__How to complete this task__.
Please copy out the entries below exactly, beginning with the line that contains "gives a Lie" and ending with the line that contains "(* Let $T$ be", and include nothing outside that span.

__Data provided__.
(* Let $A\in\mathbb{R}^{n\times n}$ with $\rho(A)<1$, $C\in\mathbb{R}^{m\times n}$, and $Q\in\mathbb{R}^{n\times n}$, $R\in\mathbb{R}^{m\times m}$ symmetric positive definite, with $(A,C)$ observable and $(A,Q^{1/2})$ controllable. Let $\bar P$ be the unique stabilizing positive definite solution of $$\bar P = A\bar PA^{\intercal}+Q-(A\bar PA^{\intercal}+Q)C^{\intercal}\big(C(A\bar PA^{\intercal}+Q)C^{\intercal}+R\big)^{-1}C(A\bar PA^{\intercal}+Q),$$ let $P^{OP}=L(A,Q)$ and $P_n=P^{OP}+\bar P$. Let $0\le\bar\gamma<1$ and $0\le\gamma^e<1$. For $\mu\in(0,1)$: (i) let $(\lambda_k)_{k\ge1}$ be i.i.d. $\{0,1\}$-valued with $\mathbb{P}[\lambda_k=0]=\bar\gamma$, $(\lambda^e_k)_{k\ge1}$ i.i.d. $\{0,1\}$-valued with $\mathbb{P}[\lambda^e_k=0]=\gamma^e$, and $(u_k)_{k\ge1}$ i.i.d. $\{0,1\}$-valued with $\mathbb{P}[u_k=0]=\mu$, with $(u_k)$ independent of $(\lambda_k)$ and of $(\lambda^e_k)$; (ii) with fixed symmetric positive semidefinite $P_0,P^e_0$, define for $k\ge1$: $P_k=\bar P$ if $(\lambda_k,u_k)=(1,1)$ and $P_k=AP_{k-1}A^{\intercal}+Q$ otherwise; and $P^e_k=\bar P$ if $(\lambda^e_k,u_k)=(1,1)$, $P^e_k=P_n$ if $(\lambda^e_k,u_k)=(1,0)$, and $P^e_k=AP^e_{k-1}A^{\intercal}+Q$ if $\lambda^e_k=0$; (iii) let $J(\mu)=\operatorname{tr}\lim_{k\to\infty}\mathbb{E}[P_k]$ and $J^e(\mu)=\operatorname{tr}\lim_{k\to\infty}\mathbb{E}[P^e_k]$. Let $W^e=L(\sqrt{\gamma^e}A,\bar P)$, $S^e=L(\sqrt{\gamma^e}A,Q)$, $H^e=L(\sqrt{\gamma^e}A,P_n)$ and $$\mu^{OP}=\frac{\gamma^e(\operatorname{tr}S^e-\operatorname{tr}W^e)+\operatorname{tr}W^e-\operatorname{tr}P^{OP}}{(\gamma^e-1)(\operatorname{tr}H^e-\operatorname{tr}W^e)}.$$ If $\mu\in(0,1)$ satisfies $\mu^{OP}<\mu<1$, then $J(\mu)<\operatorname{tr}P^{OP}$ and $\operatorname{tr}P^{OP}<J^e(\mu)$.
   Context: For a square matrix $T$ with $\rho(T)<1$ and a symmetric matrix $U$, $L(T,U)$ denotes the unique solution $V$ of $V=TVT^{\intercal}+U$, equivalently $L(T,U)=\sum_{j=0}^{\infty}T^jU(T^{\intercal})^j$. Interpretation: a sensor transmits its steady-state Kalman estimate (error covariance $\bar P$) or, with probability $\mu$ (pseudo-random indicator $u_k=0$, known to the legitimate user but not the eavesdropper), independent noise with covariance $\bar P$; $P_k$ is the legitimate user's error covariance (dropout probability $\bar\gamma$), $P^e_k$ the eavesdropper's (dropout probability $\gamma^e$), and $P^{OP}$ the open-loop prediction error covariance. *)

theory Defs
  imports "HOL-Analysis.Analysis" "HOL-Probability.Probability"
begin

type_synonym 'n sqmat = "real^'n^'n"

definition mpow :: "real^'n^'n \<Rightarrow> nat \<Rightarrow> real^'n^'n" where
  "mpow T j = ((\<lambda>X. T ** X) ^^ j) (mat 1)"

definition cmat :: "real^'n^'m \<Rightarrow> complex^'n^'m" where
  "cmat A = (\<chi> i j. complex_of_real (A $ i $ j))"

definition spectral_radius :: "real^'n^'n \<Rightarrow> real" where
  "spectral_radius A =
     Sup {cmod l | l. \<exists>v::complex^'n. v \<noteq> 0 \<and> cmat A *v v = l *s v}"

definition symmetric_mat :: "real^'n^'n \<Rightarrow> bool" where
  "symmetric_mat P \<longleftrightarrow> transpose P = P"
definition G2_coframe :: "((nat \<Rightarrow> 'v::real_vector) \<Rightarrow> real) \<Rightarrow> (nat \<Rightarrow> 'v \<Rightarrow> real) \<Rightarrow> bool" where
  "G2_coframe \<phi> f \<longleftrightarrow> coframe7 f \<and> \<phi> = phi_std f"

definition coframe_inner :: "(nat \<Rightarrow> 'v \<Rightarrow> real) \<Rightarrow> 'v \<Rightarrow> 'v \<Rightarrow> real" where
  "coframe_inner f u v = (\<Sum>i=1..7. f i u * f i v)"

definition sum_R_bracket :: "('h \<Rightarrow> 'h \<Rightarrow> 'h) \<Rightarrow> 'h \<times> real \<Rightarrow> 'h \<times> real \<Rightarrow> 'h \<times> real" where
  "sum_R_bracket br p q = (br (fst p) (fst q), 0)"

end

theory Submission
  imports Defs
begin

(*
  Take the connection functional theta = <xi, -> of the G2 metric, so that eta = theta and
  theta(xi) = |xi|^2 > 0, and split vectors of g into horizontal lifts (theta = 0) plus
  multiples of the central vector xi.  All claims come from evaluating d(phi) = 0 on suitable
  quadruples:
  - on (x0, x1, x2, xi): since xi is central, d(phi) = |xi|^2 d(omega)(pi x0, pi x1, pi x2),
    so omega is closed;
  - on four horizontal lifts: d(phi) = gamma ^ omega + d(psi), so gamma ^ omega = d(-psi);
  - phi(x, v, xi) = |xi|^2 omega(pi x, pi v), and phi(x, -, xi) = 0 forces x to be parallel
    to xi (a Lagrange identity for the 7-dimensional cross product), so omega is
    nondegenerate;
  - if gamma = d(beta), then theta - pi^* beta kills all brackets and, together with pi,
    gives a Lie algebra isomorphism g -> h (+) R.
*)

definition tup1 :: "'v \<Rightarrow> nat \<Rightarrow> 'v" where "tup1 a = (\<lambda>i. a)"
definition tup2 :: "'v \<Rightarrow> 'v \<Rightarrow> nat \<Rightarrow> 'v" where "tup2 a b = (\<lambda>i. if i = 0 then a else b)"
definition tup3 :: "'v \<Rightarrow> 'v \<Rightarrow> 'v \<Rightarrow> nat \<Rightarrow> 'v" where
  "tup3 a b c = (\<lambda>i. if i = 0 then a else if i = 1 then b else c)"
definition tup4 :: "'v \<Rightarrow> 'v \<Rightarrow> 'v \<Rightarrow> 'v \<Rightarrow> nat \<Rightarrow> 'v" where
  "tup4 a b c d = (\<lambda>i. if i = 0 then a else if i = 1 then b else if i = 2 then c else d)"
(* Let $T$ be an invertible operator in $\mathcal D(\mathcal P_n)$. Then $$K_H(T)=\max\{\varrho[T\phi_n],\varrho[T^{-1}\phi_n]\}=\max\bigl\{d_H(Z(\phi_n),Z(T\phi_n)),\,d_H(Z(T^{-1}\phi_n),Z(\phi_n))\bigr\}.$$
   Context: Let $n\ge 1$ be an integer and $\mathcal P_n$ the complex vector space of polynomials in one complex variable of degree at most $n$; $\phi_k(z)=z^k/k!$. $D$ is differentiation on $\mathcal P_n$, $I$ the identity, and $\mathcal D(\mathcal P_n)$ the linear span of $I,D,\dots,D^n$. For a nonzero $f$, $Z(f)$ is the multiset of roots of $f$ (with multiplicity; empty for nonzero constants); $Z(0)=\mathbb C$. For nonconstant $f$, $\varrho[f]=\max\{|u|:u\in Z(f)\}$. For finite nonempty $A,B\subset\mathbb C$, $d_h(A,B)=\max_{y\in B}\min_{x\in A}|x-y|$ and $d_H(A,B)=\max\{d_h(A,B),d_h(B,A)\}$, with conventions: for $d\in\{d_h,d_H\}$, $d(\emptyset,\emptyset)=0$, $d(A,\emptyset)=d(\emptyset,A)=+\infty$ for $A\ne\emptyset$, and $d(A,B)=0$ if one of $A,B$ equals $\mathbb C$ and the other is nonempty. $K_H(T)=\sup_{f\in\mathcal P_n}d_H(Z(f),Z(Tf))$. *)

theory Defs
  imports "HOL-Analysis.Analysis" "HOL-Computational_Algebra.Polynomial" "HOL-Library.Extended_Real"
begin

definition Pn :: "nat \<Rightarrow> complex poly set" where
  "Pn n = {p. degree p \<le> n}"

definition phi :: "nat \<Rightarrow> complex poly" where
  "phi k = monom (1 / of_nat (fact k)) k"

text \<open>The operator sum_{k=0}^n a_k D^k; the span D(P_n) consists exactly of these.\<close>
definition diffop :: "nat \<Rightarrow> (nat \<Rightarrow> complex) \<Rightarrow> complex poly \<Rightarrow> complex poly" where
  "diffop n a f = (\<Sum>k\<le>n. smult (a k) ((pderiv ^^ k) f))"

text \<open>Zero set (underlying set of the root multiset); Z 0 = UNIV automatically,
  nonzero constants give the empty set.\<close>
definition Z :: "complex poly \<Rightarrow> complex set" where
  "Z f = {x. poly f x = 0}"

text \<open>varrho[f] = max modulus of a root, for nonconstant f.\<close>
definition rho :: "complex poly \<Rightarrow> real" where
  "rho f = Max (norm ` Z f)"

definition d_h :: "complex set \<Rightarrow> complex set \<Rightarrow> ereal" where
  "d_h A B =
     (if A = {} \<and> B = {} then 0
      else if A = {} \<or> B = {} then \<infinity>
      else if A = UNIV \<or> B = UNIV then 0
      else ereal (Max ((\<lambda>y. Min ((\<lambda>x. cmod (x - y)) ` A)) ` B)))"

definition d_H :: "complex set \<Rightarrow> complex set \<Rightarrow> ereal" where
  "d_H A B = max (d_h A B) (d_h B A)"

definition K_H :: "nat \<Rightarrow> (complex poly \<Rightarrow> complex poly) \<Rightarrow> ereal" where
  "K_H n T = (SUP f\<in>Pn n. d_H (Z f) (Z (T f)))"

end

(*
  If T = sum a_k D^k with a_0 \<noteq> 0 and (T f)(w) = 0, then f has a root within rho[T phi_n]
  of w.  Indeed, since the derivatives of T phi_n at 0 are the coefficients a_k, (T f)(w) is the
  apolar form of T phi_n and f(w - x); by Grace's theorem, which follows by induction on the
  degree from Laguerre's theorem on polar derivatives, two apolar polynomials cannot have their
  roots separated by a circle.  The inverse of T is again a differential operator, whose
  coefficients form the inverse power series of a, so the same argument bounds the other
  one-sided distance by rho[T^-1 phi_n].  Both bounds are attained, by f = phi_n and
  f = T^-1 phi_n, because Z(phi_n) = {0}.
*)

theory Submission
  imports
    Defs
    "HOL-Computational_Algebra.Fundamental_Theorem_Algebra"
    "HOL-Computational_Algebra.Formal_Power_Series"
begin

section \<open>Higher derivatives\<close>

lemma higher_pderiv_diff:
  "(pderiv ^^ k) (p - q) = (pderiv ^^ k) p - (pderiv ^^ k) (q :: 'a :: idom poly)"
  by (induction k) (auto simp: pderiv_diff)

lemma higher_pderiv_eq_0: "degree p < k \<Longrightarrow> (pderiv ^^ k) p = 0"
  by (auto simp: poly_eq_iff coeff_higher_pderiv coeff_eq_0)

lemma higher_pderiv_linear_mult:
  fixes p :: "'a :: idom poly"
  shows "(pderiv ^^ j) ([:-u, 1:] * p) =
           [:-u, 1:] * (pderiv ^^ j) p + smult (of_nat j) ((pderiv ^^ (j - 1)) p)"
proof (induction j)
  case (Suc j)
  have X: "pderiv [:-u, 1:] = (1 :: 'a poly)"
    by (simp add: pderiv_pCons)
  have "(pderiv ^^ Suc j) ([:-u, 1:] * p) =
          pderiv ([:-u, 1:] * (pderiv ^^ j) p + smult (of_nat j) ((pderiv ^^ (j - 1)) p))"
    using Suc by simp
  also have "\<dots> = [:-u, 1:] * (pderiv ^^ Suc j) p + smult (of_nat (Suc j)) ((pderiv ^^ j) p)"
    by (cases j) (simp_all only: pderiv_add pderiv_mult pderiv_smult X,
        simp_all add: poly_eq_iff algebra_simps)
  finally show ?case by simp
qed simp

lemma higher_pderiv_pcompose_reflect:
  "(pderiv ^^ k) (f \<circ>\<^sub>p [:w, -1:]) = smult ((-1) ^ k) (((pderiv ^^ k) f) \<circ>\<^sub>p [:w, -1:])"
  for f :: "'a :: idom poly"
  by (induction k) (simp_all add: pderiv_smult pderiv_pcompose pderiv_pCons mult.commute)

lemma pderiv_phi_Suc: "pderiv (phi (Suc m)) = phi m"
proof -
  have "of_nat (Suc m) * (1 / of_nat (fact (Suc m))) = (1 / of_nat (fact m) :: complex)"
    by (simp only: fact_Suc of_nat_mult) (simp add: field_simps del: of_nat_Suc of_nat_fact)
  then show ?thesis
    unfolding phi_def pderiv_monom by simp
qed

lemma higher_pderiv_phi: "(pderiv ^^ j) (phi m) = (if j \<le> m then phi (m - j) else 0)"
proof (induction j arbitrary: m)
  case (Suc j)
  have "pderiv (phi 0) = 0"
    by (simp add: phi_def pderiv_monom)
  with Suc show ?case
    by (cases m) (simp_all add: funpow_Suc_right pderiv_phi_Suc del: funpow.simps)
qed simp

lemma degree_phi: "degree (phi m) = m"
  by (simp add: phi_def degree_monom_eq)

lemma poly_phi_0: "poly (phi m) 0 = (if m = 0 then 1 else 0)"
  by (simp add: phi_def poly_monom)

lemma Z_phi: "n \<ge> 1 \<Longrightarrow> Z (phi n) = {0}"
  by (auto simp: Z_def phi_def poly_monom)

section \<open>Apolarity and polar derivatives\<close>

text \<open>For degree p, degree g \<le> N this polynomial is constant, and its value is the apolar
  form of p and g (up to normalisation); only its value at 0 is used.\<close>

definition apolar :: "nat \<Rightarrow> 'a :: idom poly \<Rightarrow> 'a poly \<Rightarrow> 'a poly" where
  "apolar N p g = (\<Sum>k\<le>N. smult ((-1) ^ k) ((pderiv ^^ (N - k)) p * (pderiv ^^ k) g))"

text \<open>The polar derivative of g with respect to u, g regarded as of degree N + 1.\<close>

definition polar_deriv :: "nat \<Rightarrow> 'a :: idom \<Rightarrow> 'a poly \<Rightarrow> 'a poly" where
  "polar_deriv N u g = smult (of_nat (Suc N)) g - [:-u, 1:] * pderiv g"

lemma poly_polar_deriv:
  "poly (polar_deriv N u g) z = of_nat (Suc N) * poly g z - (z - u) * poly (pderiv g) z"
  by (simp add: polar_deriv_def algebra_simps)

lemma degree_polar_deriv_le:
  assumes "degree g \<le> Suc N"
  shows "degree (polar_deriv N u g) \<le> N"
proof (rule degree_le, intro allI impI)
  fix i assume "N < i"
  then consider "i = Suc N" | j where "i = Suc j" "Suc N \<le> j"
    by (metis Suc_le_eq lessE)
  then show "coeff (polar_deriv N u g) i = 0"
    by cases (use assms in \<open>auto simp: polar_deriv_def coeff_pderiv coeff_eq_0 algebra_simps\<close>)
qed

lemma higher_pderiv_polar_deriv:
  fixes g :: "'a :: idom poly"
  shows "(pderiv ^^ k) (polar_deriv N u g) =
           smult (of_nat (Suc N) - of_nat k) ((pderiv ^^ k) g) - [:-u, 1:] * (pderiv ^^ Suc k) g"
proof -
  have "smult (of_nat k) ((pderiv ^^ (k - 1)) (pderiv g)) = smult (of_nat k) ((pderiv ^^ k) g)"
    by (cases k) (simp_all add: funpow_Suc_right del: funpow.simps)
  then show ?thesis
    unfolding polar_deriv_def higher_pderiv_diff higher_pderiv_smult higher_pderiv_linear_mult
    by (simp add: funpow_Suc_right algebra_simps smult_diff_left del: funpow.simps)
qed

__Solved problem__.
    gives a Lie algebra isomorphism g -> h (+) R.
*)

definition tup1 :: "'v \<Rightarrow> nat \<Rightarrow> 'v" where "tup1 a = (\<lambda>i. a)"
definition tup2 :: "'v \<Rightarrow> 'v \<Rightarrow> nat \<Rightarrow> 'v" where "tup2 a b = (\<lambda>i. if i = 0 then a else b)"
definition tup3 :: "'v \<Rightarrow> 'v \<Rightarrow> 'v \<Rightarrow> nat \<Rightarrow> 'v" where
  "tup3 a b c = (\<lambda>i. if i = 0 then a else if i = 1 then b else c)"
definition tup4 :: "'v \<Rightarrow> 'v \<Rightarrow> 'v \<Rightarrow> 'v \<Rightarrow> nat \<Rightarrow> 'v" where
  "tup4 a b c d = (\<lambda>i. if i = 0 then a else if i = 1 then b else if i = 2 then c else d)"
(* Let $T$ be an invertible operator in $\mathcal D(\mathcal P_n)$. Then $$K_H(T)=\max\{\varrho[T\phi_n],\varrho[T^{-1}\phi_n]\}=\max\bigl\{d_H(Z(\phi_n),Z(T\phi_n)),\,d_H(Z(T^{-1}\phi_n),Z(\phi_n))\bigr\}.$$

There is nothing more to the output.